ThéâtreDans la peau de
Crédit photo : Jean-François Hétu
Mani, tu es à la fois comédien, dramaturge et metteur en scène. Peux-tu résumer à nos lecteurs d’où est née ta passion pour le théâtre, ainsi que les moments charnières de ta carrière jusqu’à aujourd’hui?
«C’est pas mal une histoire clichée de jeune adolescent qui découvre le théâtre au secondaire. En fait, plus précisément c’est Luc Bernier, le prof d’art dramatique de l’école secondaire Étienne Brûlé à Toronto qui m’a invité à faire partie de la troupe de théâtre de l’école et qui m’a ensuite expliqué que c’était possible d’aller dans une école de théâtre et d’en faire un métier.»
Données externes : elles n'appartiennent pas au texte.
(* Let $\psi$ be the SC decoder and $\Psi$ the SSC decoder (with arbitrary, not necessarily ordered, index sets). Then $$\Pr\big(\psi(A\mathbf X,\mathbf Y)\neq\mathbf X\big)\le\frac{1}{2\log 2}\sum_{i\in\mathcal I_0}H(C_i\mid C_1^{i-1},\mathbf Y),$$ $$\Pr\big(\Psi(A\mathbf X,\mathbf Y)\neq\mathbf X\big)\le\frac{1}{\log 2}\sum_{i\in\mathcal I_0}H(C_i\mid C_1^{i-1},\mathbf Y),$$ where all logarithms (in $\log 2$ and in the entropies) are to base $|\mathcal X|$.
   Context: Setup: $\mathcal X,\mathcal Y$ finite, $|\mathcal X|\ge2$; $(\mathbf X,\mathbf Y)$ random on $\mathcal X^n\times\mathcal Y^n$; $A:\mathcal X^n\to\mathcal X^l$; $\{\mathcal I_0,\mathcal I_1\}$ a partition of $\{1,\dots,n\}$ with $|\mathcal I_1|=l$; $B:\mathcal X^n\to\mathcal X^{n-l}$ such that $T:\mathcal X^n\to\mathcal X^n$ is bijective, where $T(x)$ is the vector $c$ whose entries on $\mathcal I_1$ (increasing order) form $Ax$ and whose entries on $\mathcal I_0$ (increasing order) form $Bx$. Notation: $c_i^j=(c_i,\dots,c_j)$, $c_{\mathcal I_1}$ the subvector on $\mathcal I_1$. Extended codeword: $\mathbf C=(C_1,\dots,C_n)=T(\mathbf X)$. SC decoder: for $i\in\mathcal I_0$, $f_i(c_1^{i-1},y)\in\arg\max_{a}\mu_{C_i\mid C_1^{i-1}\mathbf Y}(a\mid c_1^{i-1},y)$ (ties/zero-probability conditions by a fixed rule). Given $(u,y)$, build $\hat c$ for $i=1,\dots,n$: $\hat c_{\mathcal I_1}=u$, and $\hat c_i=f_i(\hat c_1^{i-1},y)$ for $i\in\mathcal I_0$; $\psi(u,y)=T^{-1}(\hat c)$. SSC decoder: same recursion, except that for $i\in\mathcal I_0$, $\hat c_i$ is drawn at random according to $\mu_{C_i\mid C_1^{i-1}\mathbf Y}(\cdot\mid\hat c_1^{i-1},y)$ (fixed arbitrary distribution if the condition has probability zero); $\Psi(u,y)=T^{-1}(\hat c)$. *)

theory Defs
  imports "HOL-Probability.Probability"
begin

text \<open>Indices are 0-based: positions are 0..n-1. Vectors in X^n are lists of length n.\<close>

definition rank :: "nat set \<Rightarrow> nat \<Rightarrow> nat" where
  "rank I i = card {j \<in> I. j < i}"

definition extT :: "nat \<Rightarrow> nat set \<Rightarrow> ('a list \<Rightarrow> 'a list) \<Rightarrow> ('a list \<Rightarrow> 'a list)
    \<Rightarrow> 'a list \<Rightarrow> 'a list" where
  "extT n I1 A B x =
     map (\<lambda>i. if i \<in> I1 then A x ! rank I1 i else B x ! rank ({0..<n} - I1) i) [0..<n]"

text \<open>Conditioning event {C_1^{i-1} = c, Y = y} for the joint law q of (C, Y).\<close>
definition cond_event :: "nat \<Rightarrow> 'a list \<Rightarrow> 'b list \<Rightarrow> ('a list \<times> 'b list) set" where
  "cond_event i c y = {(c', y'). take i c' = c \<and> y' = y}"

definition cond_pos :: "('a list \<times> 'b list) pmf \<Rightarrow> nat \<Rightarrow> 'a list \<Rightarrow> 'b list \<Rightarrow> bool" where
  "cond_pos q i c y \<longleftrightarrow> set_pmf q \<inter> cond_event i c y \<noteq> {}"

text \<open>mu_{C_i | C_1^{i-1} Y}( . | c, y) (meaningful when cond_pos q i c y).\<close>
definition cond_C :: "('a list \<times> 'b list) pmf \<Rightarrow> nat \<Rightarrow> 'a list \<Rightarrow> 'b list \<Rightarrow> 'a pmf" where
  "cond_C q i c y = map_pmf (\<lambda>(c', y'). c' ! i) (cond_pmf q (cond_event i c y))"

fun sc_vec :: "nat set \<Rightarrow> (nat \<Rightarrow> 'a list \<Rightarrow> 'b list \<Rightarrow> 'a) \<Rightarrow> 'a list \<Rightarrow> 'b list
    \<Rightarrow> nat \<Rightarrow> 'a list" where
  "sc_vec I1 f u y 0 = []"
| "sc_vec I1 f u y (Suc i) =
     (let c = sc_vec I1 f u y i in c @ [if i \<in> I1 then u ! rank I1 i else f i c y])"

definition sc_decoder :: "nat \<Rightarrow> nat set \<Rightarrow> ('a list \<Rightarrow> 'a list) \<Rightarrow> ('a list \<Rightarrow> 'a list)
    \<Rightarrow> (nat \<Rightarrow> 'a list \<Rightarrow> 'b list \<Rightarrow> 'a) \<Rightarrow> 'a list \<Rightarrow> 'b list \<Rightarrow> 'a list" where
  "sc_decoder n I1 A B f u y = inv_into {x. length x = n} (extT n I1 A B) (sc_vec I1 f u y n)"

text \<open>SSC recursion (random), with fallback distributions d for zero-probability conditions.\<close>
fun ssc_vec :: "('a list \<times> 'b list) pmf \<Rightarrow> nat set \<Rightarrow> (nat \<Rightarrow> 'a list \<Rightarrow> 'b list \<Rightarrow> 'a pmf)
    \<Rightarrow> 'a list \<Rightarrow> 'b list \<Rightarrow> nat \<Rightarrow> 'a list pmf" where
  "ssc_vec q I1 d u y 0 = return_pmf []"
| "ssc_vec q I1 d u y (Suc i) =
     bind_pmf (ssc_vec q I1 d u y i) (\<lambda>c.
       if i \<in> I1 then return_pmf (c @ [u ! rank I1 i])
       else map_pmf (\<lambda>a. c @ [a]) (if cond_pos q i c y then cond_C q i c y else d i c y))"
lemma num_factorizations_first_factor:
  assumes "finite X" "[] \<notin> X" "w \<noteq> []"
  shows "num_factorizations X w =
    (\<Sum>k\<in>{1..length w}. (if take k w \<in> X then 1 else 0) * num_factorizations X (drop k w))"
proof -
  define F where "F u = {xs. xs \<in> lists X \<and> concat xs = u}" for u
  let ?K = "{k \<in> {1..length w}. take k w \<in> X}"
  have split: "F w = (\<Union>k\<in>?K. Cons (take k w) ` F (drop k w))"
  proof (intro equalityI subsetI)
    fix xs assume "xs \<in> F w"
    then obtain x xs' where xs: "xs = x # xs'" "x \<in> X" "xs' \<in> lists X" "w = x @ concat xs'"
      using assms(3) by (cases xs) (auto simp: F_def)
    then have "length x \<in> ?K" using assms(2) by (auto simp: Suc_le_eq)
    moreover have "xs' \<in> F (drop (length x) w)" using xs by (simp add: F_def)
    ultimately show "xs \<in> (\<Union>k\<in>?K. Cons (take k w) ` F (drop k w))" using xs by force
  qed (auto simp: F_def)
  have "card (F w) = (\<Sum>k\<in>?K. card (Cons (take k w) ` F (drop k w)))"
    unfolding split
  proof (rule card_UN_disjoint)
    show "\<forall>i\<in>?K. \<forall>j\<in>?K. i \<noteq> j \<longrightarrow> Cons (take i w) ` F (drop i w) \<inter> Cons (take j w) ` F (drop j w) = {}"
      by (auto dest: arg_cong[of _ _ length])
  qed (auto simp: F_def finite_factorizations[OF assms(1,2)])
  also have "\<dots> = (\<Sum>k\<in>?K. card (F (drop k w)))"
    by (rule sum.cong) (auto simp: card_image)
  also have "\<dots> = (\<Sum>k\<in>{1..length w}. (if take k w \<in> X then 1 else 0) * card (F (drop k w)))"
    by (subst sum.inter_filter) (auto intro: sum.cong)
  finally show ?thesis unfolding num_factorizations_def F_def .
qed

lemma prefix_edges_iff:
  "(p, a, p') \<in> prefix_edges X \<longleftrightarrow> p \<in> prefix_states X \<and>
     (p' = p @ [a] \<and> p @ [a] \<in> prefix_states X \<or> p' = [] \<and> p @ [a] \<in> X)"
  unfolding prefix_edges_def by auto
lemma perturbed_uniform_in_convex_hull:
  fixes p q r :: "'n::finite"
  assumes distinct: "p \<noteq> q" "q \<noteq> r" "p \<noteq> r"
    and small: "\<bar>s\<bar> \<le> 1 / (2 * (fact CARD('n))^2)"
  shows "perturbed_uniform p q s \<in> convex hull Lambda2"
proof -
  let ?P = "{\<sigma>::'n \<Rightarrow> 'n. \<sigma> permutes UNIV}"
  define N where "N = (fact CARD('n) :: real)"
  define w where "w = (\<lambda>(\<sigma>, \<tau>). 1 / N * (1 / N) + s * (swap_weight p q \<sigma> * cycle_weight p q r \<tau>))"
  have N_pos: "N > 0" and card_P: "real (card ?P) = N"
    by (simp_all add: N_def card_permutations)
  have "(\<Sum>z \<in> ?P \<times> ?P. w z) = (\<Sum>\<sigma>\<in>?P. \<Sum>\<tau>\<in>?P.
      1 / N * (1 / N) + (s * swap_weight p q \<sigma>) * cycle_weight p q r \<tau>)"
    by (simp add: w_def sum.cartesian_product mult.assoc)
  also have "\<dots> = real (card ?P) * real (card ?P) * (1 / N * (1 / N))
      + (\<Sum>\<sigma>\<in>?P. s * swap_weight p q \<sigma>) * (\<Sum>\<tau>\<in>?P. cycle_weight p q r \<tau>)"
    by (simp add: sum.distrib sum_product)
  also have "\<dots> = 1"
    using card_P N_pos sum_swap_weight[of p q] by (simp flip: sum_distrib_left)
  finally have weights_sum: "(\<Sum>z \<in> ?P \<times> ?P. w z) = 1" .
  have weights_nonneg: "w z \<ge> 0" for z
  proof -
    have "\<bar>s * (swap_weight p q (fst z) * cycle_weight p q r (snd z))\<bar> \<le> 1 / (2 * N^2) * (1 * 2)"
      unfolding abs_mult using small abs_swap_weight_le abs_cycle_weight_le
      by (intro mult_mono) (auto simp: N_def)
    then show ?thesis
      by (simp add: w_def case_prod_unfold abs_le_iff power2_eq_square)
  qed
  have "(\<Sum>z \<in> ?P \<times> ?P. w z *\<^sub>R perm_pair_mat (fst z) (snd z)) \<in> convex hull Lambda2"
    by (rule convex_sum)
       (auto simp: weights_sum weights_nonneg intro!: hull_inc perm_pair_mat_in_Lambda2)
  then show ?thesis
    using perturbed_uniform_eq_perm_pair_combination[OF distinct, of s]
    by (simp add: w_def N_def case_prod_unfold)
qed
«Ensuite, il y a eu l’École nationale de théâtre du Canada. En sortant de l’école, j’ai été très chanceux: j’ai tout de suite eu la chance de travailler avec de grands metteurs en scène que j’avais d’ailleurs rencontrés sur place. Deux de mes rencontres marquantes ont été Alice Ronfard et Claude Poissant. Par après, j’ai eu la chance de travailler pour la première fois, professionnellement, avec Ronfard à ESPACE GO, puis j’ai été engagé comme stagiaire pour Poissant à l’époque où il était au PàP (Théâtre Petit à Petit).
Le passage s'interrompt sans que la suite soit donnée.